PROBLEM
Set out exactly every line of the entries below, starting at the line that holds "define good where" and stopping after the line that holds "using P_large j(1,2)".

SUPPLIED INFORMATION
--- START ---
lemma lifted_walk_dominating:
  assumes many_good: "\<And>y. card P < card {j. j < K \<and> coprime (int y - int (\<tau> j)) (int m)}"
  shows "ucayley_dominating (m * \<Prod>P) (set (lifted_walk m \<tau> K))"
  unfolding ucayley_dominating_def
proof (intro conjI allI impI)
  show "set (lifted_walk m \<tau> K) \<subseteq> {0..<m * \<Prod>P}"
    unfolding lifted_walk_def using lift_lt_modulus by auto
  fix y assume "y < m * \<Prod>P"
  define good where "good = {j. j < K \<and> coprime (int y - int (\<tau> j)) (int m)}"
  define bad where "bad p = {j. j < K \<and> int p dvd int y - int (m * j + \<tau> j)}" for p
  have "card (\<Union>p\<in>P. bad p) \<le> (\<Sum>p\<in>P. card (bad p))"
    by (rule card_UN_le[OF finite_P])
  also have "\<dots> \<le> card P"
    using sum_mono[of P "\<lambda>p. card (bad p)" "\<lambda>_. 1"] card_lift_divisible_le_1
    unfolding bad_def by simp
  finally have "\<not> good \<subseteq> (\<Union>p\<in>P. bad p)"
    using many_good[of y] card_mono[of "\<Union>p\<in>P. bad p" good] finite_P
    unfolding good_def by (auto simp: bad_def)
  then obtain j where j: "j \<in> good" "j \<notin> (\<Union>p\<in>P. bad p)" by blast
  have diff_eq: "int y - int (m * j + \<tau> j) = (int y - int (\<tau> j)) + int m * (- int j)"
    by simp
  have "coprime (int y - int (m * j + \<tau> j)) (int m)"
    using j(1) unfolding diff_eq coprime_add_mult_iff good_def by blast
  then have "coprime (int y - int (m * j + \<tau> j)) (int (m * \<Prod>P))"
    using P_large j(1,2) unfolding good_def bad_def by (intro coprime_mult_prod_primes) auto
  then have "ucayley_adj (m * \<Prod>P) y (m * j + \<tau> j)"
    unfolding ucayley_adj_def using \<open>y < m * \<Prod>P\<close> lift_lt_modulus j(1) good_def by blast
  moreover have "m * j + \<tau> j \<in> set (lifted_walk m \<tau> K)"
    using j(1) unfolding good_def lifted_walk_def by simp
  ultimately show "y \<in> set (lifted_walk m \<tau> K)
                    \<or> (\<exists>s \<in> set (lifted_walk m \<tau> K). ucayley_adj (m * \<Prod>P) y s)"
    by blast
qed
(* There is an absolute constant $C>0$ such that the following holds. Let $G(V,E)$ be a graph with nonnegative edge weights $w$, let $k\ge c\ge 2$ be integers, let $G^{(1)},\ldots,G^{(k)}$ be a random $k$-clustering of $G$ with expected multiplicity $c$, let $\pi$ be a permutation of $E$ in non-increasing order of weight, $M_i:=\mathsf{Greedy}(G^{(i)},\pi)$, and $H$ the graph on $V$ with edge set $\bigcup_i M_i$. Fix a maximum weight matching $M^*$ of $G$, and let $F_1\subseteq M^*$ be the set of edges $e\in M^*$ that are free for machine $1$ (no endpoint of $e$ is matched by $\mathsf{Greedy}(G^{(1)},\pi^{<e})$), and $F'_1:=F_1\cap E(H)$. Then $$\mathbb{E}[w(F'_1)] \geq \mathbb{E}[w(F_1)] - C\cdot\frac{\log c}{c}\cdot \mathrm{opt}(G).$$
   Context: $\mathrm{opt}(G)$ is the weight of a maximum weight matching; $w(S)$ is the total weight of an edge set $S$. $\mathsf{Greedy}(G,\pi)$ scans the edges of $G$ in order $\pi$ and adds $(u,v)$ iff neither endpoint is matched; $\mathsf{Greedy}(G^{(1)},\pi^{<e})$ means running it on $G^{(1)}$ and stopping just before processing $e$. A random $k$-clustering with expected multiplicity $c$: independently for each edge $e$, draw $c_e\sim\mathrm{Bin}(k,c/k)$ and place $e$ in $c_e$ distinct uniformly random sets among $E^{(1)},\ldots,E^{(k)}$; $G^{(i)}=G(V,E^{(i)})$. Expectations are over the random clustering. *)

theory Defs
  imports "HOL-Probability.Probability"
begin

definition simple_graph :: "nat set \<Rightarrow> nat set set \<Rightarrow> bool" where
  "simple_graph V E \<longleftrightarrow> finite V \<and> (\<forall>e\<in>E. e \<subseteq> V \<and> card e = 2)"

definition is_matching :: "nat set set \<Rightarrow> bool" where
  "is_matching M \<longleftrightarrow> (\<forall>e\<in>M. \<forall>f\<in>M. e \<noteq> f \<longrightarrow> e \<inter> f = {})"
--- END ---
FINISHED TASK
  define good where "good = {j. j < K \<and> coprime (int y - int (\<tau> j)) (int m)}"
  define bad where "bad p = {j. j < K \<and> int p dvd int y - int (m * j + \<tau> j)}" for p
  have "card (\<Union>p\<in>P. bad p) \<le> (\<Sum>p\<in>P. card (bad p))"
    by (rule card_UN_le[OF finite_P])
  also have "\<dots> \<le> card P"
    using sum_mono[of P "\<lambda>p. card (bad p)" "\<lambda>_. 1"] card_lift_divisible_le_1
    unfolding bad_def by simp
  finally have "\<not> good \<subseteq> (\<Union>p\<in>P. bad p)"
    using many_good[of y] card_mono[of "\<Union>p\<in>P. bad p" good] finite_P
    unfolding good_def by (auto simp: bad_def)
  then obtain j where j: "j \<in> good" "j \<notin> (\<Union>p\<in>P. bad p)" by blast
  have diff_eq: "int y - int (m * j + \<tau> j) = (int y - int (\<tau> j)) + int m * (- int j)"
    by simp
  have "coprime (int y - int (m * j + \<tau> j)) (int m)"
    using j(1) unfolding diff_eq coprime_add_mult_iff good_def by blast
  then have "coprime (int y - int (m * j + \<tau> j)) (int (m * \<Prod>P))"
    using P_large j(1,2) unfolding good_def bad_def by (intro coprime_mult_prod_primes) auto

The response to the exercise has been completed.